■ **What is expected**:
Filter on the word "summand": copy each matching line from the listing below.

■ **Materials provided**:
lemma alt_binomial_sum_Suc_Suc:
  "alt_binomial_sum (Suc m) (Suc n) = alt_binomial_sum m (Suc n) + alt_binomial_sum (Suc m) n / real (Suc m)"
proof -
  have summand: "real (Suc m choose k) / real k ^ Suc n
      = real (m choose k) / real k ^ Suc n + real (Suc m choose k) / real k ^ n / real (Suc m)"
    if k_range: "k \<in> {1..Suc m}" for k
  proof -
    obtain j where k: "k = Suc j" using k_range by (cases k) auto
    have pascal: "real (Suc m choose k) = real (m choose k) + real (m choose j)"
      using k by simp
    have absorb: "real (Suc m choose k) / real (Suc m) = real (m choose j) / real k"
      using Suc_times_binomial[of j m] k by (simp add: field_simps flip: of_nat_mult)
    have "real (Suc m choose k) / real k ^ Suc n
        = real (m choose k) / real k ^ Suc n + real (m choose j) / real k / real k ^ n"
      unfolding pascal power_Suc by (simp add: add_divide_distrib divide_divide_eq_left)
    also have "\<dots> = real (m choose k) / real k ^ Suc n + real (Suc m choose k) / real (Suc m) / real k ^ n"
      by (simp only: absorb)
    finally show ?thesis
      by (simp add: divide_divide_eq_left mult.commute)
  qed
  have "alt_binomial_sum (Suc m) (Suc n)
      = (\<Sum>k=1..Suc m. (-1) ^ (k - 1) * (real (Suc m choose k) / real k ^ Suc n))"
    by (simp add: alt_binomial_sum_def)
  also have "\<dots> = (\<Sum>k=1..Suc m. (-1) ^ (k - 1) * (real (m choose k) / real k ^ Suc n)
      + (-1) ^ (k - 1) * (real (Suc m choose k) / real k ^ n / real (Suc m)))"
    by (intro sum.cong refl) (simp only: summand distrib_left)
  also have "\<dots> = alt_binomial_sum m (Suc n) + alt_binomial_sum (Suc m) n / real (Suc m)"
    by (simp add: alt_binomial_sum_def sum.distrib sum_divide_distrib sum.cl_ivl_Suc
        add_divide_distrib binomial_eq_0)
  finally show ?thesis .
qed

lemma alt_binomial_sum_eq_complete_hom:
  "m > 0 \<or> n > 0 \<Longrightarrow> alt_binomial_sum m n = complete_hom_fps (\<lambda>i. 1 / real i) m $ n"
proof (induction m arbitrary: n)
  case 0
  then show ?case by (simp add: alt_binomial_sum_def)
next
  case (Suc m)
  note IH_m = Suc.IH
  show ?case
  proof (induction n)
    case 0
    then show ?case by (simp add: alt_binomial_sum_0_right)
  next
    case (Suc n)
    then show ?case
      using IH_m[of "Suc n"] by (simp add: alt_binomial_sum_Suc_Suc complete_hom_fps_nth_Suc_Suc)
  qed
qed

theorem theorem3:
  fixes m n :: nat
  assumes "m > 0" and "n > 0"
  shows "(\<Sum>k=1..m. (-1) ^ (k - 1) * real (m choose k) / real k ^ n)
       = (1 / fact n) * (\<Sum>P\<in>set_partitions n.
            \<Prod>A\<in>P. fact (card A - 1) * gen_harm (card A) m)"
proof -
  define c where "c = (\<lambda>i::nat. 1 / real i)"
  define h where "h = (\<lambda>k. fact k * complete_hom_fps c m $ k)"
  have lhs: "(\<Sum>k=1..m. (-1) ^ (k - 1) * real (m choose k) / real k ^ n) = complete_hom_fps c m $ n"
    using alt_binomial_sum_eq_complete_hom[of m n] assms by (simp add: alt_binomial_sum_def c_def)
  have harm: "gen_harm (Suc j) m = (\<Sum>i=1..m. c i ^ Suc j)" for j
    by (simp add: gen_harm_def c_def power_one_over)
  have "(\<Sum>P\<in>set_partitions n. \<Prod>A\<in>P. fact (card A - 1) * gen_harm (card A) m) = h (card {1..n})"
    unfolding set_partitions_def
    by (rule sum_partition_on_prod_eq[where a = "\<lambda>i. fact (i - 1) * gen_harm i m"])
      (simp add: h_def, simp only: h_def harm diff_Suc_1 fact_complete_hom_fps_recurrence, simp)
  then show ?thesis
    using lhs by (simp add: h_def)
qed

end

■ **Task solution**:
  have summand: "real (Suc m choose k) / real k ^ Suc n
    by (intro sum.cong refl) (simp only: summand distrib_left)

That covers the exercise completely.